No one likes to think about breaking up -- but it happens sometimes. If you’re married and you divorce, there’s a formal process for deciding what happens to shared assets and debts. But if you aren’t married, it can become a lot harder to determine who is responsible for paying off the loan you’ve taken out together. And if you took out a loan to buy a shared asset -- such as a couch or a car or a house -- there could be fights about what happens to your joint property.
You need to make sure you discuss what will happen both to whatever you buy with the loan proceeds and what will happen to the debt you’ve taken on together. As you have this conversation, remember that creditors will still hold you both responsible if you’re co-borrowers -- even if you both agree your partner should be the one paying after a split. So if your partner promises they’ll take over loan payments but then defaults on the loan, the creditor could come after you.
One possible option you should consider is that one partner will agree to keep the asset and to refinance the loan into his or her own name if a breakup happens.
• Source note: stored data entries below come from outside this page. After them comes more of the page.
text \<open>Write \<open>H = {1, h, h\<^sup>2}\<close>. Normality of \<open>H\<close> means that every translation carries left
  cosets of \<open>H\<close> onto left cosets, so on each coset it either commutes with left multiplication
  by \<open>h\<close> or interchanges \<open>h\<close> and \<open>h\<^sup>2\<close>. In a right Bol loop fix \<open>y\<close> and record, for the
  left translation by \<open>y\<^sup>i\<close> on the coset \<open>H y\<close>, which of the two happens. The right alternative
  law shows that this record is constant or alternating in \<open>i\<close>; it agrees at \<open>0\<close> and at the
  order of \<open>y\<close>, which divides \<open>|Q|\<close> and is therefore odd, so it is constant, and the right Bol
  law then yields \<open>y h = h y\<close>. Combined once more with the Bol law and the dichotomy, this makes
  \<open>h\<close> associate with everything, so \<open>h\<close> is central. Left Bol loops are handled by passing to
  the opposite loop.\<close>

section \<open>Loops and normal subloops\<close>

lemma normal_subloop_subset: "normal_subloop H Q m e \<Longrightarrow> H \<subseteq> Q"
  unfolding normal_subloop_def subloop_def by blast

locale loop_on =
  fixes Q :: "'a set" and mult :: "'a \<Rightarrow> 'a \<Rightarrow> 'a" (infixl "\<cdot>" 70) and e :: 'a
  assumes loop: "loop Q (\<cdot>) e"
begin

lemma unit_closed: "e \<in> Q"
  using loop unfolding loop_def by blast

lemma mult_closed: "x \<in> Q \<Longrightarrow> y \<in> Q \<Longrightarrow> x \<cdot> y \<in> Q"
  using loop unfolding loop_def by blast

lemma left_unit [simp]: "x \<in> Q \<Longrightarrow> e \<cdot> x = x"
  using loop unfolding loop_def by blast

lemma right_unit [simp]: "x \<in> Q \<Longrightarrow> x \<cdot> e = x"
  using loop unfolding loop_def by blast

lemma bij_left_mult: "x \<in> Q \<Longrightarrow> bij_betw (\<lambda>y. x \<cdot> y) Q Q"
  using loop unfolding loop_def by blast

lemma bij_right_mult: "x \<in> Q \<Longrightarrow> bij_betw (\<lambda>y. y \<cdot> x) Q Q"
  using loop unfolding loop_def by blast

lemma left_cancel: "x \<in> Q \<Longrightarrow> y \<in> Q \<Longrightarrow> z \<in> Q \<Longrightarrow> x \<cdot> y = x \<cdot> z \<Longrightarrow> y = z"
  using bij_left_mult[of x] unfolding bij_betw_def inj_on_def by blast

lemma right_cancel: "x \<in> Q \<Longrightarrow> y \<in> Q \<Longrightarrow> z \<in> Q \<Longrightarrow> y \<cdot> x = z \<cdot> x \<Longrightarrow> y = z"
  using bij_right_mult[of x] unfolding bij_betw_def inj_on_def by blast

lemma ex1_left_divide: "x \<in> Q \<Longrightarrow> y \<in> Q \<Longrightarrow> \<exists>!z. z \<in> Q \<and> x \<cdot> z = y"
  using bij_left_mult[of x] left_cancel[of x] unfolding bij_betw_def by (metis imageE)

lemma ex1_right_divide: "x \<in> Q \<Longrightarrow> y \<in> Q \<Longrightarrow> \<exists>!z. z \<in> Q \<and> z \<cdot> x = y"
  using bij_right_mult[of x] right_cancel[of x] unfolding bij_betw_def by (metis imageE)

lemma ltrans_inv_closed: "x \<in> Q \<Longrightarrow> y \<in> Q \<Longrightarrow> ltrans_inv Q (\<cdot>) x y \<in> Q"
  using theI'[OF ex1_left_divide[of x y]] unfolding ltrans_inv_def by simp

lemma rtrans_inv_closed: "x \<in> Q \<Longrightarrow> y \<in> Q \<Longrightarrow> rtrans_inv Q (\<cdot>) x y \<in> Q"
  and rtrans_inv_mult: "x \<in> Q \<Longrightarrow> y \<in> Q \<Longrightarrow> rtrans_inv Q (\<cdot>) x y \<cdot> x = y"
  using theI'[OF ex1_right_divide[of x y]] unfolding rtrans_inv_def by simp_all

lemma unit_in_center: "e \<in> center Q (\<cdot>)"
  unfolding center_def nucleus_def using unit_closed by (simp add: mult_closed)

lemma mlt_group_closed: "f \<in> mlt_group Q (\<cdot>) \<Longrightarrow> x \<in> Q \<Longrightarrow> f x \<in> Q"
  by (induction arbitrary: x rule: mlt_group.induct)
     (auto simp: ltrans_def rtrans_def mult_closed ltrans_inv_closed rtrans_inv_closed)

lemma inner_mapping_preserves_normal:
  assumes "normal_subloop H Q (\<cdot>) e" "f \<in> mlt_group Q (\<cdot>)" "f e = e" "k \<in> H"
  shows "f k \<in> H"
  using assms unfolding normal_subloop_def inn_group_def by blast

text \<open>Composing \<open>f\<close> with the inverse right translation by \<open>f e\<close> gives an inner mapping.\<close>

lemma mlt_group_left_coset:
  assumes H: "normal_subloop H Q (\<cdot>) e" and f: "f \<in> mlt_group Q (\<cdot>)" and k: "k \<in> H"
  shows "\<exists>k'\<in>H. f k = k' \<cdot> f e"
proof -
  have fe: "f e \<in> Q" using mlt_group_closed[OF f unit_closed] .
  have kQ: "k \<in> Q" using normal_subloop_subset[OF H] k by blast
  define g where "g = rtrans_inv Q (\<cdot>) (f e) \<circ> f"
  have "g \<in> mlt_group Q (\<cdot>)" unfolding g_def using fe f by (rule mlt_Rinv)
  moreover have "g e = e"
    using rtrans_inv_mult[OF fe fe] rtrans_inv_closed[OF fe fe] right_cancel[OF fe _ unit_closed]
    by (simp add: g_def fe)
  ultimately have "g k \<in> H" using inner_mapping_preserves_normal[OF H _ _ k] by blast
  moreover have "g k \<cdot> f e = f k"
    using rtrans_inv_mult[OF fe mlt_group_closed[OF f kQ]] by (simp add: g_def)
  ultimately show ?thesis by metis
qed

lemma normal_left_mult_coset:
  assumes H: "normal_subloop H Q (\<cdot>) e" and x: "x \<in> Q" and z: "z \<in> Q" and k: "k \<in> H"
  shows "\<exists>k'\<in>H. x \<cdot> (k \<cdot> z) = k' \<cdot> (x \<cdot> z)"
proof -
  let ?f = "ltrans Q (\<cdot>) x \<circ> (rtrans Q (\<cdot>) z \<circ> id)"
  have "?f \<in> mlt_group Q (\<cdot>)" using x z by (intro mlt_group.intros)
  moreover have "?f k = x \<cdot> (k \<cdot> z)" and "?f e = x \<cdot> z"
    using normal_subloop_subset[OF H] k x z unit_closed mult_closed by (auto simp: ltrans_def rtrans_def)
  ultimately show ?thesis using mlt_group_left_coset[OF H _ k] by metis
qed

lemma normal_right_mult_coset:
  assumes H: "normal_subloop H Q (\<cdot>) e" and x: "x \<in> Q" and z: "z \<in> Q" and k: "k \<in> H"
  shows "\<exists>k'\<in>H. (k \<cdot> z) \<cdot> x = k' \<cdot> (z \<cdot> x)"
proof -
  let ?f = "rtrans Q (\<cdot>) x \<circ> (rtrans Q (\<cdot>) z \<circ> id)"
  have "?f \<in> mlt_group Q (\<cdot>)" using x z by (intro mlt_group.intros)
  moreover have "?f k = (k \<cdot> z) \<cdot> x" and "?f e = z \<cdot> x"
    using normal_subloop_subset[OF H] k x z unit_closed mult_closed by (auto simp: ltrans_def rtrans_def)
  ultimately show ?thesis using mlt_group_left_coset[OF H _ k] by metis
qed

end

section \<open>Powers in right Bol loops\<close>

locale right_bol_loop = loop_on +
  assumes right_bol: "right_bol Q (\<cdot>)"
begin

lemma right_bol_law: "x \<in> Q \<Longrightarrow> y \<in> Q \<Longrightarrow> z \<in> Q \<Longrightarrow> ((x \<cdot> y) \<cdot> z) \<cdot> y = x \<cdot> ((y \<cdot> z) \<cdot> y)"
  using right_bol unfolding right_bol_def by blast

lemma right_alternative: "x \<in> Q \<Longrightarrow> y \<in> Q \<Longrightarrow> (x \<cdot> y) \<cdot> y = x \<cdot> (y \<cdot> y)"
  using right_bol_law[of x y e] by (simp add: unit_closed mult_closed)

definition rpow :: "'a \<Rightarrow> nat \<Rightarrow> 'a" where
  "rpow y n = ((\<lambda>z. z \<cdot> y) ^^ n) e"

lemma rpow_0 [simp]: "rpow y 0 = e"
  by (simp add: rpow_def)

lemma rpow_Suc: "rpow y (Suc n) = rpow y n \<cdot> y"
  by (simp add: rpow_def)

lemma funpow_right_mult_closed: "y \<in> Q \<Longrightarrow> z \<in> Q \<Longrightarrow> ((\<lambda>z. z \<cdot> y) ^^ n) z \<in> Q"
  by (induction n) (auto simp: mult_closed)

lemma rpow_closed: "y \<in> Q \<Longrightarrow> rpow y n \<in> Q"
  unfolding rpow_def using funpow_right_mult_closed unit_closed by blast

lemma rpow_1 [simp]: "y \<in> Q \<Longrightarrow> rpow y 1 = y" "y \<in> Q \<Longrightarrow> rpow y (Suc 0) = y"
  by (simp_all add: rpow_def)

lemma mult_rpow: "y \<in> Q \<Longrightarrow> z \<in> Q \<Longrightarrow> z \<cdot> rpow y n = ((\<lambda>z. z \<cdot> y) ^^ n) z"
proof (induction n arbitrary: z rule: nat_induct2)
  case (step n)
  have "rpow y (Suc n) = ((\<lambda>z. z \<cdot> y) ^^ n) y"
    using step by (simp add: rpow_def funpow_Suc_right del: funpow.simps)
  also have "\<dots> = y \<cdot> rpow y n"
    using step by simp
  finally have "rpow y (Suc n) = y \<cdot> rpow y n" .
  then have "z \<cdot> rpow y (n + 2) = z \<cdot> ((y \<cdot> rpow y n) \<cdot> y)"
    by (simp add: rpow_Suc)
  also have "\<dots> = ((z \<cdot> y) \<cdot> rpow y n) \<cdot> y"
    using step by (simp add: right_bol_law rpow_closed)
  also have "\<dots> = ((\<lambda>z. z \<cdot> y) ^^ Suc n) (z \<cdot> y)"
    using step by (simp add: mult_closed)
  also have "\<dots> = ((\<lambda>z. z \<cdot> y) ^^ (n + 2)) z"
    by (simp only: add_2_eq_Suc' funpow_Suc_right comp_apply)
  finally show ?case .
qed (simp_all add: rpow_def)

lemma mult_rpow_add:
  assumes "y \<in> Q" "z \<in> Q" shows "(z \<cdot> rpow y a) \<cdot> rpow y b = z \<cdot> rpow y (a + b)"
proof -
  have "(z \<cdot> rpow y a) \<cdot> rpow y b = ((\<lambda>z. z \<cdot> y) ^^ b) (((\<lambda>z. z \<cdot> y) ^^ a) z)"
    using assms by (simp add: mult_rpow funpow_right_mult_closed)
  also have "\<dots> = ((\<lambda>z. z \<cdot> y) ^^ (b + a)) z"
    by (simp only: funpow_add comp_apply)
  also have "\<dots> = z \<cdot> rpow y (a + b)"
    using assms by (simp add: mult_rpow add.commute)
  finally show ?thesis .
qed

lemma rpow_add: "y \<in> Q \<Longrightarrow> rpow y a \<cdot> rpow y b = rpow y (a + b)"
  using mult_rpow_add[of y e a b] by (simp add: unit_closed rpow_closed)
lemma lp_duality_lower_bound:
  fixes A :: "'i \<Rightarrow> 'c \<Rightarrow> real" and S w :: "'c \<Rightarrow> real"
  assumes "finite I" "finite C" and w: "\<forall>j\<in>C. 0 \<le> w j"
    and lower: "\<And>w'. \<forall>j\<in>C. 0 \<le> w' j \<Longrightarrow>
        \<forall>i\<in>I. (\<Sum>j\<in>C. A i j * w' j) = (\<Sum>j\<in>C. A i j * w j) \<Longrightarrow> c \<le> (\<Sum>j\<in>C. S j * w' j)"
  shows "\<exists>y. (\<forall>j\<in>C. (\<Sum>i\<in>I. y i * A i j) \<le> S j) \<and> c \<le> (\<Sum>i\<in>I. y i * (\<Sum>j\<in>C. A i j * w j))"
proof (rule ccontr)
  assume no_dual: "\<not> ?thesis"
  define \<beta> where "\<beta> i = (\<Sum>j\<in>C. A i j * w j)" for i
  define row where "row j x = (case (j, x) of
      (None, None) \<Rightarrow> - c | (None, Some i) \<Rightarrow> - \<beta> i
    | (Some j, None) \<Rightarrow> S j | (Some j, Some i) \<Rightarrow> A i j)" for j x
  \<comment> \<open>the dual system in \<open>y\<close>: row \<open>Some j\<close> is \<open>\<Sum>\<^sub>i y i * A i j \<le> S j\<close>, row \<open>None\<close> is \<open>- \<Sum>\<^sub>i y i * \<beta> i \<le> - c\<close>\<close>
  let ?C = "insert None (Some ` C)"
  have "\<not> lin_feasible I (row ` ?C)"
  proof
    assume "lin_feasible I (row ` ?C)"
    then obtain y where "\<forall>j\<in>?C. (\<Sum>i\<in>I. row j (Some i) * y i) \<le> row j None"
      unfolding lin_feasible_def by auto
    then have "\<forall>j\<in>C. (\<Sum>i\<in>I. A i j * y i) \<le> S j" "(\<Sum>i\<in>I. - \<beta> i * y i) \<le> - c"
      unfolding row_def by auto
    then have "\<forall>j\<in>C. (\<Sum>i\<in>I. y i * A i j) \<le> S j" "c \<le> (\<Sum>i\<in>I. y i * \<beta> i)"
      by (simp_all add: mult.commute sum_negf)
    then show False using no_dual unfolding \<beta>_def by blast
  qed
  moreover have fin: "finite ?C" using assms(2) by simp
  ultimately obtain g where g: "g \<in> nonneg_comb (row ` ?C)" "\<forall>i\<in>I. g (Some i) = 0" "g None < 0"
    using infeasible_linear_system_certificate[OF assms(1) finite_imageI] by blast
  obtain \<mu> where \<mu>: "\<forall>j\<in>?C. 0 \<le> \<mu> j" and g_eq: "g = (\<lambda>x. \<Sum>j\<in>?C. \<mu> j * row j x)"
    using nonneg_comb_sum_repr[OF g(1) fin] by blast
  have g_split: "g x = \<mu> None * row None x + (\<Sum>j\<in>C. \<mu> (Some j) * row (Some j) x)" for x
    unfolding g_eq using assms(2) by (simp add: sum.reindex)
  have \<mu>_Some: "\<forall>j\<in>C. 0 \<le> (\<mu> \<circ> Some) j" and \<mu>_None: "0 \<le> \<mu> None"
    using \<mu> by auto
  have "\<forall>i\<in>I. (\<Sum>j\<in>C. (\<mu> \<circ> Some) j * A i j) = \<mu> None * (\<Sum>j\<in>C. A i j * w j)"
    using g(2) unfolding g_split row_def \<beta>_def by simp
  moreover have "(\<Sum>j\<in>C. (\<mu> \<circ> Some) j * S j) < \<mu> None * c"
    using g(3) unfolding g_split row_def by simp
  ultimately obtain w' where "\<forall>j\<in>C. 0 \<le> w' j"
    "\<forall>i\<in>I. (\<Sum>j\<in>C. A i j * w' j) = (\<Sum>j\<in>C. A i j * w j)" "(\<Sum>j\<in>C. S j * w' j) < c"
    using cheaper_weights_of_dual_certificate[OF w \<mu>_Some \<mu>_None] by blast
  then show False using lower by fastforce
qed
lemma poly_lagrange_basis:
  assumes "inj_on z {..n}" and "k \<le> n" and "l \<le> n"
  shows "poly (lagrange_basis z n l) (z k) = (if k = l then 1 else 0)"
proof (cases "k = l")
  case True
  have "z l \<noteq> z j" if "j \<in> {..n}-{l}" for j
    using assms that True by (auto dest: inj_onD)
  then show ?thesis
    using True by (simp add: lagrange_basis_def poly_prod diff_divide_distrib[symmetric])
next
  case False
  then show ?thesis
    using assms by (simp add: lagrange_basis_def poly_prod) (auto intro!: prod_zero bexI[of _ k])
qed

lemma degree_lagrange_basis:
  assumes "l \<le> n"
  shows "degree (lagrange_basis z n l) \<le> n"
proof -
  have "degree (lagrange_basis z n l)
      \<le> (\<Sum>j\<in>{..n}-{l}. degree (smult (1 / (z l - z j)) [:- z j, 1:]))"
    unfolding lagrange_basis_def
    using degree_prod_sum_le[of "{..n}-{l}" "\<lambda>j. smult (1 / (z l - z j)) [:- z j, 1:]"]
    by (simp add: o_def)
  also have "\<dots> \<le> (\<Sum>j\<in>{..n}-{l}. 1)" by (intro sum_mono) auto
  also have "\<dots> = n" using assms by simp
  finally show ?thesis .
qed

lemma lagrange_interpolation:
  assumes "inj_on z {..n}" and "degree P \<le> n"
  shows "P = (\<Sum>l\<le>n. smult (poly P (z l)) (lagrange_basis z n l))" (is "P = ?Q")
proof (rule poly_eqI_degree[where A = "z ` {..n}"])
  show "poly P x = poly ?Q x" if "x \<in> z ` {..n}" for x
  proof -
    obtain k where k: "k \<le> n" "x = z k" using \<open>x \<in> z ` {..n}\<close> by auto
    have "poly ?Q (z k) = (\<Sum>l\<le>n. poly P (z l) * (if k = l then 1 else 0))"
      using assms(1) k(1) by (auto simp: poly_sum poly_lagrange_basis intro!: sum.cong)
    also have "\<dots> = poly P (z k)" using k(1) by (simp add: if_distrib cong: if_cong)
    finally show ?thesis using k(2) by simp
  qed
  show "degree P < card (z ` {..n})" using assms by (simp add: card_image)
  have "degree ?Q \<le> n"
    by (intro degree_sum_le) (auto intro: order.trans[OF degree_smult_le] degree_lagrange_basis)
  then show "degree ?Q < card (z ` {..n})" using assms(1) by (simp add: card_image)
qed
Depending on the value of the item and the specifics of your situation, the partner who keeps the asset may also need to buy out the interest of the other partner by paying back some of the payments that have already been made.
Whatever you decide, make sure you have a serious conversation about the outcome of a breakup before you take out a loan -- and consider making a written agreement so there’s no confusion over responsibility if the day comes that you decide to split.
Taking out a joint loan is a big deal -- especially if you aren’t married and decisions about the loan won’t be part of a formal divorce settlement. Before you agree to share debt, make sure you’re comfortable with how your partner spends money, have exchanged credit scores, are able to talk about money together, and know what will happen if you break up.
If you’ve been together for a while and you are confident that your partner will be responsible about paying back what you owe, then you can say yes to a joint loan when doing so helps accomplish your financial goals. Just make sure you’re both on the same page about payback so the money you borrow doesn’t lead to big disagreements in the future.